Restrictions on the freedom to dispose of one’s succession by will (reserved portion).

Last update: 10/1/2012

The reserved portion, which limits the testamentary freedom, amounts to half of the legal inheritance share for descendants (see question 3 for information on the legal inheritance share) and, in the absence of descendants, to one third of the legal inheritance share which therefore goes to the ascendants. The surviving spouse receives half of his/her legal inheritance share. There is the possibility to decrease the reserved portion in the absence of family contact.

The beneficiaries of the reserved portion can waive the reserve, before the succession is opened, by a contract (notarial instrument) concluded between the future deceased and the future compulsory heir.

Detailed information

Is there a reserved portion set aside for heirs? What percentage of the estate does this reserved portion represent? What is its legal nature?
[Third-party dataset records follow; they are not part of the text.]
lemma A1_eq:
  "A1 PX PY PZ = {(RI, RS, RJ, RL). \<exists>k Q. k \<le> CARD('y) + 2 \<and> is_channel UNIV {..<k} Q \<and>
     RI + RS \<le> mutinf_output (joint_ZY PX PY PZ) Q k \<and>
     RJ \<ge> mutinf_output (joint_YY PX PY) Q k - mutinf_output (joint_ZY PX PY PZ) Q k + RI \<and>
     RL \<ge> mutinf_output (joint_XY PX PY) Q k - mutinf_output (joint_ZY PX PY PZ) Q k + RI \<and>
     RI \<ge> 0 \<and> RS \<ge> 0}"
  for PY :: "'x::finite \<Rightarrow> 'y::finite \<Rightarrow> real"
  unfolding A1_def mutinf_output_def joint_through_joint_ZY joint_through_joint_YY
    joint_through_joint_XY Let_def ..

lemma A2_eq:
  "A2 PX PY PZ = {(RI, RS, RJ, RL). \<exists>k m Q S.
     k \<le> (CARD('y) + 2) * (CARD('y) + 3) \<and> m \<le> CARD('y) + 3 \<and>
     is_channel UNIV {..<k} Q \<and> is_channel {..<k} {..<m} S \<and>
     (let IZU = mutinf_output (joint_ZY PX PY PZ) Q k;
          IZV = mutinf UNIV {..<m} (joint_through {..<k} (joint_through UNIV (joint_ZY PX PY PZ) Q) S)
      in 0 \<le> RI \<and> RI \<le> IZV \<and> 0 \<le> RS \<and> RS \<le> IZU - IZV \<and>
         RJ \<ge> mutinf_output (joint_YY PX PY) Q k - IZU + IZV \<and>
         RL \<ge> mutinf_output (joint_XY PX PY) Q k - IZU + IZV)}"
  for PY :: "'x::finite \<Rightarrow> 'y::finite \<Rightarrow> real"
  unfolding A2_def mutinf_output_def joint_through_joint_ZY joint_through_joint_ZU
    joint_through_joint_YY joint_through_joint_XY Let_def ..

lemma sum_joint_ZY:
  assumes "is_pmf UNIV PX" and "is_channel UNIV UNIV PY" and "is_channel UNIV UNIV PZ"
  shows "(\<Sum>z\<in>UNIV. \<Sum>y\<in>UNIV. joint_ZY PX PY PZ z y) = 1"
proof -
  have "(\<Sum>z\<in>UNIV. \<Sum>y\<in>UNIV. joint_ZY PX PY PZ z y)
      = (\<Sum>z\<in>UNIV. \<Sum>x\<in>UNIV. \<Sum>y\<in>UNIV. PX x * PZ x z * PY x y)"
    unfolding joint_ZY_def by (intro sum.cong refl sum.swap)
  also have "\<dots> = (\<Sum>x\<in>UNIV. \<Sum>z\<in>UNIV. \<Sum>y\<in>UNIV. PX x * PZ x z * PY x y)"
    by (rule sum.swap)
  also have "\<dots> = 1"
    using assms by (simp add: is_channel_def is_pmf_def flip: sum_distrib_left)
  finally show ?thesis .
qed
(* Let $G$ be a finite simple connected graph with exactly $h$ holes. Suppose that all the holes in $G$ are pairwise edge-disjoint and that $G$ has exactly one non-edge maximal clique $K$. If $|V(K)|=h+1$, then there exists a vertex $v\in V(K)$ satisfying one of the following: (a) there is no $K$-avoiding path from $v$ to any vertex of any hole of $G$; (b) $v$ is incident to an edge that belongs to both $K$ and some hole $H$ of $G$, and $v$ is not contained in any hole of $G$ other than $H$.
   Context: A hole of a graph is an induced (chordless) cycle of length at least $4$. A clique is a complete subgraph; a clique is non-edge if it has at least $3$ vertices. For a clique $K$ in $G$, a path $P$ in $G$ is called a $K$-avoiding path if $P$ is not an edge of $K$ and none of the internal vertices of $P$ lies on $K$. *)

theory Defs
  imports Main
begin

definition simple_graph :: "'a set \<Rightarrow> ('a \<Rightarrow> 'a \<Rightarrow> bool) \<Rightarrow> bool" where
  "simple_graph V E \<longleftrightarrow> finite V \<and> (\<forall>x y. E x y \<longrightarrow> x \<in> V \<and> y \<in> V)
     \<and> (\<forall>x y. E x y \<longrightarrow> E y x) \<and> (\<forall>x. \<not> E x x)"

definition connected_on :: "'a set \<Rightarrow> ('a \<Rightarrow> 'a \<Rightarrow> bool) \<Rightarrow> bool" where
  "connected_on S E \<longleftrightarrow> S \<noteq> {} \<and>
     (\<forall>x\<in>S. \<forall>y\<in>S. (\<lambda>a b. a \<in> S \<and> b \<in> S \<and> E a b)\<^sup>*\<^sup>* x y)"

(* a hole, identified with its vertex set S: the induced subgraph on S is a cycle
   (connected and 2-regular) with at least 4 vertices *)
definition is_hole :: "'a set \<Rightarrow> ('a \<Rightarrow> 'a \<Rightarrow> bool) \<Rightarrow> 'a set \<Rightarrow> bool" where
  "is_hole V E S \<longleftrightarrow> S \<subseteq> V \<and> finite S \<and> card S \<ge> 4 \<and> connected_on S E
     \<and> (\<forall>x\<in>S. card {y\<in>S. E x y} = 2)"
section \<open>Stacked band words\<close>

text \<open>Letter p of band_word \<sigma> cs ys is the next unused entry of the list ys (cs ! p), lifted
  into the band from cs ! p * \<sigma> + 1 to (cs ! p + 1) * \<sigma>.\<close>
fun band_word :: "nat \<Rightarrow> nat list \<Rightarrow> (nat \<Rightarrow> nat list) \<Rightarrow> nat list" where
  "band_word \<sigma> [] ys = []"
| "band_word \<sigma> (j # cs) ys = (j * \<sigma> + hd (ys j)) # band_word \<sigma> cs (ys(j := tl (ys j)))"

definition band_data :: "nat \<Rightarrow> nat \<Rightarrow> nat list \<Rightarrow> (nat \<Rightarrow> nat list) \<Rightarrow> bool" where
  "band_data \<sigma> k cs ys \<longleftrightarrow> set cs \<subseteq> {..<k} \<and>
     (\<forall>j<k. length (ys j) = count_list cs j \<and> sorted (ys j) \<and> set (ys j) \<subseteq> {1..\<sigma>})"

lemma length_band_word [simp]: "length (band_word \<sigma> cs ys) = length cs"
  by (induction cs arbitrary: ys) auto

lemma band_data_Cons:
  assumes "band_data \<sigma> k (j # cs) ys"
  shows "band_data \<sigma> k cs (ys(j := tl (ys j)))" and "j < k" and "ys j \<noteq> []"
    and "hd (ys j) \<in> {1..\<sigma>}"
proof -
  show j: "j < k" using assms unfolding band_data_def by auto
  then show ne: "ys j \<noteq> []" using assms unfolding band_data_def by fastforce
  have "set (ys j) \<subseteq> {1..\<sigma>}" using assms j unfolding band_data_def by blast
  then show "hd (ys j) \<in> {1..\<sigma>}" using hd_in_set[OF ne] by blast
  show "band_data \<sigma> k cs (ys(j := tl (ys j)))"
    using assms unfolding band_data_def
    by (auto simp: sorted_tl dest: list.set_sel(2)[OF ne])
qed

lemma band_word_nth:
  assumes "band_data \<sigma> k cs ys" "p < length cs"
  shows "\<exists>y\<in>set (ys (cs ! p)). band_word \<sigma> cs ys ! p = cs ! p * \<sigma> + y"
  using assms
proof (induction cs arbitrary: ys p)
  case (Cons j cs)
  note tail = band_data_Cons[OF Cons.prems(1)]
  show ?case
  proof (cases p)
    case (Suc p')
    then obtain y where "y \<in> set ((ys(j := tl (ys j))) (cs ! p'))"
      "band_word \<sigma> cs (ys(j := tl (ys j))) ! p' = cs ! p' * \<sigma> + y"
      using Cons.IH[OF tail(1)] Cons.prems(2) by fastforce
    moreover have "set ((ys(j := tl (ys j))) i) \<subseteq> set (ys i)" for i
      by (cases "ys j") auto
    ultimately show ?thesis using Suc by auto
  qed (use tail in auto)
qed simp

lemma band_word_band:
  assumes "band_data \<sigma> k cs ys" "p < length cs"
  shows "cs ! p * \<sigma> < band_word \<sigma> cs ys ! p" "band_word \<sigma> cs ys ! p \<le> (cs ! p + 1) * \<sigma>"
    "cs ! p < k"
proof -
  show "cs ! p < k"
    using assms unfolding band_data_def by (meson lessThan_iff nth_mem subsetD)
  then show "cs ! p * \<sigma> < band_word \<sigma> cs ys ! p" "band_word \<sigma> cs ys ! p \<le> (cs ! p + 1) * \<sigma>"
    using band_word_nth[OF assms] assms(1) unfolding band_data_def by fastforce+
qed

lemma band_word_mono:
  assumes "band_data \<sigma> k cs ys" "p < q" "q < length cs" "cs ! p = cs ! q"
  shows "band_word \<sigma> cs ys ! p \<le> band_word \<sigma> cs ys ! q"
  using assms
proof (induction cs arbitrary: ys p q)
  case (Cons j cs)
  note tail = band_data_Cons[OF Cons.prems(1)]
  obtain q' where q: "q = Suc q'" using Cons.prems(2) by (cases q) auto
  show ?case
  proof (cases p)
    case 0
    then have "cs ! q' = j" "q' < length cs" using Cons.prems q by auto
    then obtain y where "y \<in> set (tl (ys j))" "band_word \<sigma> cs (ys(j := tl (ys j))) ! q' = j * \<sigma> + y"
      using band_word_nth[OF tail(1)] by fastforce
    moreover have "sorted (ys j)"
      using Cons.prems(1) tail(2) unfolding band_data_def by auto
    ultimately show ?thesis
      using 0 q tail(3) by (cases "ys j") auto
  next
    case (Suc p')
    have "band_word \<sigma> cs (ys(j := tl (ys j))) ! p' \<le> band_word \<sigma> cs (ys(j := tl (ys j))) ! q'"
      by (rule Cons.IH[OF tail(1)]) (use Cons.prems q Suc in auto)
    then show ?thesis using Suc q by simp
  qed
qed simp

lemma band_index:
  assumes "y \<in> {1..\<sigma>}"
  shows "(j * \<sigma> + y - 1) div \<sigma> = (j :: nat)"
proof -
  have "j * \<sigma> + y - 1 = j * \<sigma> + (y - 1)" "y - 1 < \<sigma>"
    using assms by auto
  then show ?thesis by simp
qed

lemma band_word_inj:
  assumes "band_data \<sigma> k cs ys" "band_data \<sigma> k cs' ys'" "band_word \<sigma> cs ys = band_word \<sigma> cs' ys'"
  shows "cs = cs'" "\<forall>j<k. ys j = ys' j"
proof -
  have "cs = cs' \<and> (\<forall>j<k. ys j = ys' j)"
    using assms
  proof (induction cs arbitrary: cs' ys ys')
    case Nil
    then show ?case unfolding band_data_def by (cases cs') auto
  next
    case (Cons j cs)
    obtain j' cs'' where cs': "cs' = j' # cs''"
      using Cons.prems(3) by (cases cs') auto
    note tail = band_data_Cons[OF Cons.prems(1)]
    note tail' = band_data_Cons[OF Cons.prems(2)[unfolded cs']]
    have head: "j * \<sigma> + hd (ys j) = j' * \<sigma> + hd (ys' j')"
      using Cons.prems(3) cs' by simp
    have j: "j' = j"
      using band_index[OF tail(4), of j]
        band_index[OF tail'(4), of j'] head by simp
    have "cs = cs'' \<and> (\<forall>i<k. (ys(j := tl (ys j))) i = (ys'(j := tl (ys' j))) i)"
      by (rule Cons.IH[OF tail(1) tail'(1)[unfolded j]])
        (use Cons.prems(3) cs' j in \<open>simp add: fun_upd_def\<close>)
    moreover have "hd (ys j) = hd (ys' j)"
      using head j by simp
    ultimately show ?case
      using cs' j tail(2,3) tail'(3) by (metis fun_upd_other fun_upd_same list.collapse)
  qed
  then show "cs = cs'" "\<forall>j<k. ys j = ys' j" by auto
qed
The reserved portion to which the children and surviving spouse of the deceased are entitled corresponds to half of their legal portion of inheritance. Parents are only entitled to the reserved portion if the deceased has not left any children (§ 762 ABGB); in this case, it is the equivalent of a third of the legal portion of inheritance. The reserved portion is a debt claim against part of the financial value of the estate.

What is the procedure to be followed to assert a right to the reserved portion? What are the time limits?

Heirs must assert their right to the reserved portion before a court within three years (§ 1487 ABGB). This period of prescription runs from the time the party entitled to inherit could have asserted his/her right.

Is it possible to renounce the reserved portion?

Any forced heir can renounce during his/her life his/her rights in this regard, by way of a notarial deed (Notariatsakt) or by filing a declaration before a court (551 ABGB).